(* Let $S_n$ act on $V=\mathbb{C}^n$ by its natural permutation representation, and let $\alpha,\beta$ be $S_n$-invariant $2$-cochains with $\beta$ linear and $\alpha$ linear or constant. Let $g\in S_n$ have a factorization $g=xy$, let $K=Z(x)\cap Z(y)$, and let $H$ be a subgroup of $Z(g)$ normalized by $K$. Let $\mathcal{B}$ be the set of all three-element subsets of $\{e_1,\dots,e_n\}$ and $\mathcal{B}_H$ a set of representatives of the $H$-orbits on $\mathcal{B}$. If $$\sum_{(x',y')\in{}^{H}(x,y)}\phi_{x',y'}(e_i,e_j,e_k)=0\quad\text{for all }\{e_i,e_j,e_k\}\in\mathcal{B}_H,$$ then $$\sum_{(x',y')\in{}^{Z(g)}(x,y)}\phi_{x',y'}(e_i,e_j,e_k)=0\quad\text{for all }\{e_i,e_j,e_k\}\in\mathcal{B}.$$
   Context: $S_n$ acts by $\sigma e_i=e_{\sigma(i)}$. A linear (resp. constant) 2-cochain is $\alpha=\sum_g\alpha_gg$ with $\alpha_g:\bigwedge^2V\to V$ (resp. $\to\mathbb{C}$); it is $S_n$-invariant if $h(\alpha_g(v,w))=\alpha_{hgh^{-1}}(hv,hw)$. For $x,y\in S_n$, $\phi_{x,y}(v_1,v_2,v_3)=\alpha_x(v_1+yv_1,\beta_y(v_2,v_3))+\alpha_x(v_2+yv_2,\beta_y(v_3,v_1))+\alpha_x(v_3+yv_3,\beta_y(v_1,v_2))$, an alternating trilinear map. $Z(\cdot)$ is the centralizer; for $S\subseteq S_n$, ${}^{S}(x,y)=\{(sxs^{-1},sys^{-1}):s\in S\}$. *)

theory Defs
  imports "HOL-Analysis.Analysis"
begin

text \<open>S_n is the group of permutations of the finite index type 'n (so n = CARD('n)),
  acting on V = complex^'n by sigma e_i = e_(sigma i); group product is composition.\<close>

definition Sn :: "('n::finite \<Rightarrow> 'n) set" where
  "Sn = {s. s permutes (UNIV :: 'n set)}"

definition pact :: "('n::finite \<Rightarrow> 'n) \<Rightarrow> complex ^ 'n \<Rightarrow> complex ^ 'n" where
  "pact s v = (\<chi> j. v $ (inv s j))"

definition basis_vec :: "'n::finite \<Rightarrow> complex ^ 'n" where
  "basis_vec i = axis i 1"

definition cochain2 ::
  "(complex \<Rightarrow> 'w::ab_group_add \<Rightarrow> 'w) \<Rightarrow> (('n::finite \<Rightarrow> 'n) \<Rightarrow> complex^'n \<Rightarrow> complex^'n \<Rightarrow> 'w) \<Rightarrow> bool" where
  "cochain2 sm a \<longleftrightarrow> (\<forall>g\<in>Sn.
      (\<forall>u v w. a g (u + v) w = a g u w + a g v w) \<and>
      (\<forall>c v w. a g (c *s v) w = sm c (a g v w)) \<and>
      (\<forall>v. a g v v = 0))"

definition invariant2 ::
  "(('n::finite \<Rightarrow> 'n) \<Rightarrow> 'w \<Rightarrow> 'w) \<Rightarrow> (('n \<Rightarrow> 'n) \<Rightarrow> complex^'n \<Rightarrow> complex^'n \<Rightarrow> 'w) \<Rightarrow> bool" where
  "invariant2 act a \<longleftrightarrow> (\<forall>h\<in>Sn. \<forall>g\<in>Sn. \<forall>v w.
      act h (a g v w) = a (h \<circ> g \<circ> inv h) (pact h v) (pact h w))"

definition linear_cochain :: "(('n::finite \<Rightarrow> 'n) \<Rightarrow> complex^'n \<Rightarrow> complex^'n \<Rightarrow> complex^'n) \<Rightarrow> bool" where
  "linear_cochain a \<longleftrightarrow> cochain2 (*s) a"

definition const_cochain :: "(('n::finite \<Rightarrow> 'n) \<Rightarrow> complex^'n \<Rightarrow> complex^'n \<Rightarrow> complex) \<Rightarrow> bool" where
  "const_cochain a \<longleftrightarrow> cochain2 (*) a"

definition invariant_linear :: "(('n::finite \<Rightarrow> 'n) \<Rightarrow> complex^'n \<Rightarrow> complex^'n \<Rightarrow> complex^'n) \<Rightarrow> bool" where
  "invariant_linear a \<longleftrightarrow> invariant2 pact a"

definition invariant_const :: "(('n::finite \<Rightarrow> 'n) \<Rightarrow> complex^'n \<Rightarrow> complex^'n \<Rightarrow> complex) \<Rightarrow> bool" where
  "invariant_const a \<longleftrightarrow> invariant2 (\<lambda>h z. z) a"

definition phi ::
  "(('n::finite \<Rightarrow> 'n) \<Rightarrow> complex^'n \<Rightarrow> complex^'n \<Rightarrow> 'w::ab_group_add) \<Rightarrow>
   (('n \<Rightarrow> 'n) \<Rightarrow> complex^'n \<Rightarrow> complex^'n \<Rightarrow> complex^'n) \<Rightarrow>
   ('n \<Rightarrow> 'n) \<Rightarrow> ('n \<Rightarrow> 'n) \<Rightarrow> complex^'n \<Rightarrow> complex^'n \<Rightarrow> complex^'n \<Rightarrow> 'w" where
  "phi a b x y v1 v2 v3 =
     a x (v1 + pact y v1) (b y v2 v3) + a x (v2 + pact y v2) (b y v3 v1) + a x (v3 + pact y v3) (b y v1 v2)"

definition centralizer :: "('n::finite \<Rightarrow> 'n) \<Rightarrow> ('n \<Rightarrow> 'n) set" where
  "centralizer x = {s \<in> Sn. s \<circ> x = x \<circ> s}"

definition conj_pairs :: "('n::finite \<Rightarrow> 'n) set \<Rightarrow> ('n \<Rightarrow> 'n) \<Rightarrow> ('n \<Rightarrow> 'n) \<Rightarrow> (('n \<Rightarrow> 'n) \<times> ('n \<Rightarrow> 'n)) set" where
  "conj_pairs S x y = {(s \<circ> x \<circ> inv s, s \<circ> y \<circ> inv s) | s. s \<in> S}"

definition orbit_sum ::
  "(('n::finite \<Rightarrow> 'n) \<Rightarrow> complex^'n \<Rightarrow> complex^'n \<Rightarrow> 'w::ab_group_add) \<Rightarrow>
   (('n \<Rightarrow> 'n) \<Rightarrow> complex^'n \<Rightarrow> complex^'n \<Rightarrow> complex^'n) \<Rightarrow>
   ('n \<Rightarrow> 'n) set \<Rightarrow> ('n \<Rightarrow> 'n) \<Rightarrow> ('n \<Rightarrow> 'n) \<Rightarrow> 'n \<Rightarrow> 'n \<Rightarrow> 'n \<Rightarrow> 'w" where
  "orbit_sum a b S x y i j k =
     (\<Sum>(x', y') \<in> conj_pairs S x y. phi a b x' y' (basis_vec i) (basis_vec j) (basis_vec k))"

definition is_subgroup_Sn :: "('n::finite \<Rightarrow> 'n) set \<Rightarrow> bool" where
  "is_subgroup_Sn H \<longleftrightarrow> H \<subseteq> Sn \<and> id \<in> H \<and> (\<forall>a\<in>H. \<forall>b\<in>H. a \<circ> b \<in> H) \<and> (\<forall>a\<in>H. inv a \<in> H)"

text \<open>B: 3-element subsets of the basis, identified with 3-element index sets.\<close>
definition triples :: "'n::finite set set" where
  "triples = {T. card T = 3}"

definition orbit_reps :: "('n::finite \<Rightarrow> 'n) set \<Rightarrow> 'n set set \<Rightarrow> bool" where
  "orbit_reps H R \<longleftrightarrow> R \<subseteq> triples \<and> (\<forall>T\<in>triples. \<exists>!r. r \<in> R \<and> (\<exists>h\<in>H. T = h ` r))"

end

theory Submission
  imports Defs
begin

text \<open>Summing over all u \<in> G instead of over the orbit of (x, y) under conjugation by G
  multiplies an orbit sum by the order of the stabiliser, so the two vanish together.  Equivariance
  of \<phi> lets a permutation t be pulled out of such a group-indexed sum: translating the index set
  by t moves the triple (a, b, c) to (t a, t b, t c) and applies t to the value.  Hence the
  hypothesis on the representatives makes the H-sum vanish at every triple, and splitting Z(g)
  into left cosets u H exhibits |H| times the Z(g)-sum as a sum of translates of H-sums.
  Only H \<subseteq> Z(g) is used: neither g = x y, nor the normalisation of H by Z(x) \<inter> Z(y), nor the
  cochain axioms play a role.\<close>

lemma Sn_inverses:
  assumes "s \<in> Sn"
  shows "s \<circ> inv s = id" "inv s \<circ> s = id" "s (inv s a) = a" "inv s (s a) = a"
    "inv (inv s) = s" "bij s"
  using assms
  by (simp_all add: Sn_def permutes_inv_o permutes_inverses permutes_inv_inv permutes_bij)

lemma inj_Sn_compose:
  assumes "s \<in> Sn"
  shows "inj ((\<circ>) s)"
proof (rule injI)
  fix u v assume "s \<circ> u = s \<circ> v"
  then have "inv s \<circ> s \<circ> u = inv s \<circ> s \<circ> v"
    by (simp add: o_assoc[symmetric])
  then show "u = v"
    by (simp add: Sn_inverses(2)[OF assms])
qed

lemma Sn_compose: "s \<in> Sn \<Longrightarrow> t \<in> Sn \<Longrightarrow> s \<circ> t \<in> Sn"
  by (simp add: Sn_def permutes_compose)

lemma Sn_inv: "s \<in> Sn \<Longrightarrow> inv s \<in> Sn"
  by (simp add: Sn_def permutes_inv)

lemma Sn_conj: "s \<in> Sn \<Longrightarrow> z \<in> Sn \<Longrightarrow> s \<circ> z \<circ> inv s \<in> Sn"
  by (simp add: Sn_compose Sn_inv)

lemma conj_compose:
  "s \<in> Sn \<Longrightarrow> t \<in> Sn \<Longrightarrow> (s \<circ> t) \<circ> z \<circ> inv (s \<circ> t) = s \<circ> (t \<circ> z \<circ> inv t) \<circ> inv s"
  by (simp add: o_inv_distrib Sn_inverses(6) o_assoc)

lemma pact_compose: "s \<in> Sn \<Longrightarrow> t \<in> Sn \<Longrightarrow> pact s (pact t v) = pact (s \<circ> t) v"
  by (simp add: pact_def vec_eq_iff o_inv_distrib Sn_inverses(6))

lemma additive_pact: "Modules.additive (pact s)"
  by unfold_locales (simp add: pact_def vec_eq_iff)

lemma pact_basis_vec: "s \<in> Sn \<Longrightarrow> pact s (basis_vec i) = basis_vec (s i)"
  by (auto simp: pact_def vec_eq_iff basis_vec_def axis_def Sn_inverses(3,4))

lemma phi_conj:
  fixes \<alpha> :: "('n::finite \<Rightarrow> 'n) \<Rightarrow> complex^'n \<Rightarrow> complex^'n \<Rightarrow> 'w::ab_group_add"
  assumes \<alpha>: "invariant2 act \<alpha>" and \<beta>: "invariant_linear \<beta>" and act: "Modules.additive (act t)"
    and t: "t \<in> Sn" and x: "x \<in> Sn" and y: "y \<in> Sn"
  shows "phi \<alpha> \<beta> (t \<circ> x \<circ> inv t) (t \<circ> y \<circ> inv t) (pact t v1) (pact t v2) (pact t v3)
       = act t (phi \<alpha> \<beta> x y v1 v2 v3)"
proof -
  have pact_y: "pact (t \<circ> y \<circ> inv t) (pact t v) = pact t (pact y v)" for v
  proof -
    have "(t \<circ> y \<circ> inv t) \<circ> t = t \<circ> y"
      by (simp add: o_assoc[symmetric] Sn_inverses(2)[OF t])
    then show ?thesis
      using t y by (simp add: pact_compose Sn_conj)
  qed
  have \<beta>_conj: "\<beta> (t \<circ> y \<circ> inv t) (pact t v) (pact t w) = pact t (\<beta> y v w)" for v w
    using \<beta> t y unfolding invariant_linear_def invariant2_def by metis
  have \<alpha>_conj: "\<alpha> (t \<circ> x \<circ> inv t) (pact t v) (pact t w) = act t (\<alpha> x v w)" for v w
    using \<alpha> t x unfolding invariant2_def by metis
  show ?thesis
    unfolding phi_def pact_y \<beta>_conj Modules.additive.add[OF additive_pact, symmetric] \<alpha>_conj
      Modules.additive.add[OF act] ..
qed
══════════
Write down how many lines of the data above carry the word "shows". Nothing else belongs in the answer.

* SOLUTION TO THE PROBLEM
3